* **Directions for this task**
Copy the lines below exactly. Start at the first and finish with the line containing "(\<forall>j \<in> input_edges".

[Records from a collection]
definition i_plus :: "'e set \<Rightarrow> ('e \<Rightarrow> 'v) \<Rightarrow> ('e \<Rightarrow> 'v) \<Rightarrow> ('e \<Rightarrow> 'e \<Rightarrow> bool) \<Rightarrow> 'e \<Rightarrow> 'e" where
  "i_plus E src tgt prec e =
     (THE i. i \<in> input_edges E src tgt \<and> reach E src tgt i e \<and>
        (\<forall>j \<in> input_edges E src tgt. reach E src tgt j e \<longrightarrow> j = i \<or> prec j i))"

definition o_minus :: "'e set \<Rightarrow> ('e \<Rightarrow> 'v) \<Rightarrow> ('e \<Rightarrow> 'v) \<Rightarrow> ('e \<Rightarrow> 'e \<Rightarrow> bool) \<Rightarrow> 'e \<Rightarrow> 'e" where
  "o_minus E src tgt prec e =
     (THE o'. o' \<in> output_edges E src tgt \<and> reach E src tgt e o' \<and>
        (\<forall>p \<in> output_edges E src tgt. reach E src tgt e p \<longrightarrow> p = o' \<or> prec o' p))"

text \<open>Intervals P_k (inputs i_1 < ... < i_m given by ins) and Q_k (outputs given by outs).\<close>
definition P_int :: "'e set \<Rightarrow> ('e \<Rightarrow> 'e \<Rightarrow> bool) \<Rightarrow> (nat \<Rightarrow> 'e) \<Rightarrow> nat \<Rightarrow> nat \<Rightarrow> 'e set" where
  "P_int E prec ins m k =
     (if k < m then {e \<in> E. prec (ins k) e \<and> prec e (ins (k + 1))}
      else {e \<in> E. prec (ins m) e})"

definition Q_int :: "'e set \<Rightarrow> ('e \<Rightarrow> 'e \<Rightarrow> bool) \<Rightarrow> (nat \<Rightarrow> 'e) \<Rightarrow> nat \<Rightarrow> 'e set" where
  "Q_int E prec outs k =
     (if k = 1 then {e \<in> E. prec e (outs 1)}
      else {e \<in> E. prec (outs (k - 1)) e \<and> prec e (outs k)})"

end

theory Submission
  imports Defs
begin

text \<open>For an edge e that is not an input, let j be the largest index with i_j \<rightarrow> e. Then
  i_k \<prec> e holds exactly for k \<le> j: for k < j by transitivity through i_j, while for k > j axiom
  (P2) applied to i_j \<prec> i_k \<prec> e would force i_j \<rightarrow> i_k (impossible, nothing reaches an input)
  or i_k \<rightarrow> e (contradicting maximality). Hence e lies in P_j and in no other interval, and
  i^+(e) = i_j. Part (2) is part (1) for the reversed graph, whose inputs are the outputs of G
  listed in reverse order.\<close>

lemma reach_iff_trancl:
  assumes "progressive_graph V E src tgt"
  shows "reach E src tgt a b \<longleftrightarrow> (a, b) \<in> (edge_succ E src tgt)\<^sup>+"
proof -
  have "a \<noteq> b" if "(a, b) \<in> (edge_succ E src tgt)\<^sup>+"
    using that assms by (auto simp: progressive_graph_def edge_succ_def dest: tranclD)
  then show ?thesis by (auto simp: reach_def)
qed

lemma wf_edge_succ:
  assumes "progressive_graph V E src tgt"
  shows "wf (edge_succ E src tgt)"
proof (rule finite_acyclic_wf)
  show "finite (edge_succ E src tgt)"
    using assms by (auto simp: progressive_graph_def edge_succ_def intro: finite_subset[of _ "E \<times> E"])
  show "acyclic (edge_succ E src tgt)"
    using assms unfolding acyclic_def progressive_graph_def
    by (metis (no_types, lifting) case_prodD edge_succ_def mem_Collect_eq tranclE)
qed

lemma not_reach_input:
  assumes "progressive_graph V E src tgt" and "i \<in> input_edges E src tgt"
  shows "\<not> reach E src tgt a i"
proof
  assume "reach E src tgt a i"
  then obtain c where "(c, i) \<in> edge_succ E src tgt"
    unfolding reach_def by (meson tranclE)
  then have c: "c \<in> E" "tgt c = src i" by (auto simp: edge_succ_def)
  have "finite E" using assms(1) by (simp add: progressive_graph_def)
  then have "indeg E tgt (src i) \<noteq> 0" "outdeg E src (src i) \<noteq> 0"
    using c assms(2) by (auto simp: indeg_def outdeg_def input_edges_def)
  then show False using assms(2) by (simp add: input_edges_def degree_def)
qed

lemma input_reaches_non_input:
  assumes pg: "progressive_graph V E src tgt"
  shows "e \<in> E \<Longrightarrow> e \<notin> input_edges E src tgt \<Longrightarrow> \<exists>i \<in> input_edges E src tgt. reach E src tgt i e"
proof (induction e rule: wf_induct_rule[OF wf_edge_succ[OF pg]])
  case (1 e)
  have "src e \<in> V" "degree E src tgt (src e) \<noteq> 1"
    using pg 1(2,3) by (auto simp: progressive_graph_def input_edges_def)
  moreover have "\<forall>v \<in> V. (indeg E tgt v = 0 \<or> outdeg E src v = 0) \<longrightarrow> degree E src tgt v = 1"
    using pg by (simp add: progressive_graph_def)
  ultimately have "{f \<in> E. tgt f = src e} \<noteq> {}"
    unfolding indeg_def by (metis card.empty)
  then obtain f where f: "f \<in> E" "tgt f = src e" by blast
  then have fe: "(f, e) \<in> edge_succ E src tgt" using \<open>e \<in> E\<close> by (simp add: edge_succ_def)
  show ?case
  proof (cases "f \<in> input_edges E src tgt")
    case True
    then show ?thesis using fe reach_iff_trancl[OF pg] by blast
  next
    case False
    then obtain i where "i \<in> input_edges E src tgt" "reach E src tgt i f"
      using 1(1) fe f(1) by blast
    then show ?thesis using fe reach_iff_trancl[OF pg] by (meson trancl_into_trancl)
  qed
qed

context
  fixes E :: "'e set" and src tgt :: "'e \<Rightarrow> 'v" and prec :: "'e \<Rightarrow> 'e \<Rightarrow> bool"
  assumes po: "planar_order E src tgt prec"
begin

lemma planar_order_irrefl: "\<not> prec a a"
  using po unfolding planar_order_def by blast

lemma planar_order_trans: "prec a b \<Longrightarrow> prec b c \<Longrightarrow> prec a c"
  using po unfolding planar_order_def by blast

lemma planar_order_total: "a \<in> E \<Longrightarrow> b \<in> E \<Longrightarrow> a \<noteq> b \<Longrightarrow> prec a b \<or> prec b a"
  using po unfolding planar_order_def by blast

lemma planar_order_reach: "a \<in> E \<Longrightarrow> b \<in> E \<Longrightarrow> reach E src tgt a b \<Longrightarrow> prec a b"
  using po unfolding planar_order_def by blast

lemma planar_order_between:
  "a \<in> E \<Longrightarrow> b \<in> E \<Longrightarrow> c \<in> E \<Longrightarrow> prec a b \<Longrightarrow> prec b c \<Longrightarrow> reach E src tgt a c \<Longrightarrow>
    reach E src tgt a b \<or> reach E src tgt b c"
  using po unfolding planar_order_def by blast

lemma i_plus_eqI:
  assumes "i \<in> input_edges E src tgt" and "reach E src tgt i e"
    and "\<And>j. j \<in> input_edges E src tgt \<Longrightarrow> reach E src tgt j e \<Longrightarrow> j = i \<or> prec j i"
  shows "i_plus E src tgt prec e = i"
  unfolding i_plus_def
  using assms planar_order_irrefl planar_order_trans by (rule_tac the_equality) blast+

end
(* Let $n\ge 0$ be an integer, $\alpha_0=-\frac{1}{2n+2}$, and for $k\in\mathbb{Z}_+=\{0,1,2,\dots\}$ let $v_k$ be the even eigenfunction $$v_k(t)=c_k\,e^{-\frac{t^{2n+2}}{2n+2}}L^{(\alpha_0)}_{k}\!\left(\frac{t^{2n+2}}{n+1}\right),$$ with $c_k>0$ chosen so that $\|t^{n}v_k\|_{L^2(\mathbb{R})}=1$. Then for every $k$ the function $v_k$ belongs to the Gel'fand–Shilov space $S^{\frac{1}{2n+2}}_{\frac{2n+1}{2n+2}}(\mathbb{R})$, and moreover there is a constant $C_v>0$ independent of $k,\alpha,\beta$ such that for all $\alpha,\beta\in\mathbb{Z}_+$ and $t\in\mathbb{R}$ $$|t^{\alpha}\partial_t^{\beta}v_k(t)|\le C_v^{\,k+\alpha+\beta+1}\,\alpha!^{\frac{1}{2n+2}}\,\beta!^{\frac{2n+1}{2n+2}}.$$
   Context: $L^{(a)}_k$ denotes the generalized Laguerre polynomial of degree $k$ and parameter $a$. The functions $v_k$ satisfy $-v_k''+t^{2(2n+1)}v_k=E_k t^{2n}v_k$ with $E_k=4k(n+1)+2n+1$. For $a,b>0$, $S^{a}_{b}(\mathbb{R})$ denotes the set of $f\in C^\infty(\mathbb{R})$ for which there are constants $C,A,B>0$ with $|t^{k}f^{(q)}(t)|\le C A^{k}B^{q}k^{ak}q^{bq}$ for all $k,q\in\mathbb{Z}_+$, $t\in\mathbb{R}$. *)

theory Defs
  imports "HOL-Analysis.Analysis"
begin

definition laguerre :: "real \<Rightarrow> nat \<Rightarrow> real \<Rightarrow> real" where
  "laguerre a k x = (\<Sum>i\<le>k. (-1)^i * ((real k + a) gchoose (k - i)) * x^i / fact i)"

definition alpha0 :: "nat \<Rightarrow> real" where
  "alpha0 n = - 1 / (2 * real n + 2)"

definition u_fun :: "nat \<Rightarrow> nat \<Rightarrow> real \<Rightarrow> real" where
  "u_fun n k t = exp (- (t ^ (2*n+2)) / (2 * real n + 2))
                 * laguerre (alpha0 n) k (t ^ (2*n+2) / (real n + 1))"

* **Result of this exercise**
definition i_plus :: "'e set \<Rightarrow> ('e \<Rightarrow> 'v) \<Rightarrow> ('e \<Rightarrow> 'v) \<Rightarrow> ('e \<Rightarrow> 'e \<Rightarrow> bool) \<Rightarrow> 'e \<Rightarrow> 'e" where
  "i_plus E src tgt prec e =
     (THE i. i \<in> input_edges E src tgt \<and> reach E src tgt i e \<and>
        (\<forall>j \<in> input_edges E src tgt. reach E src tgt j e \<longrightarrow> j = i \<or> prec j i))"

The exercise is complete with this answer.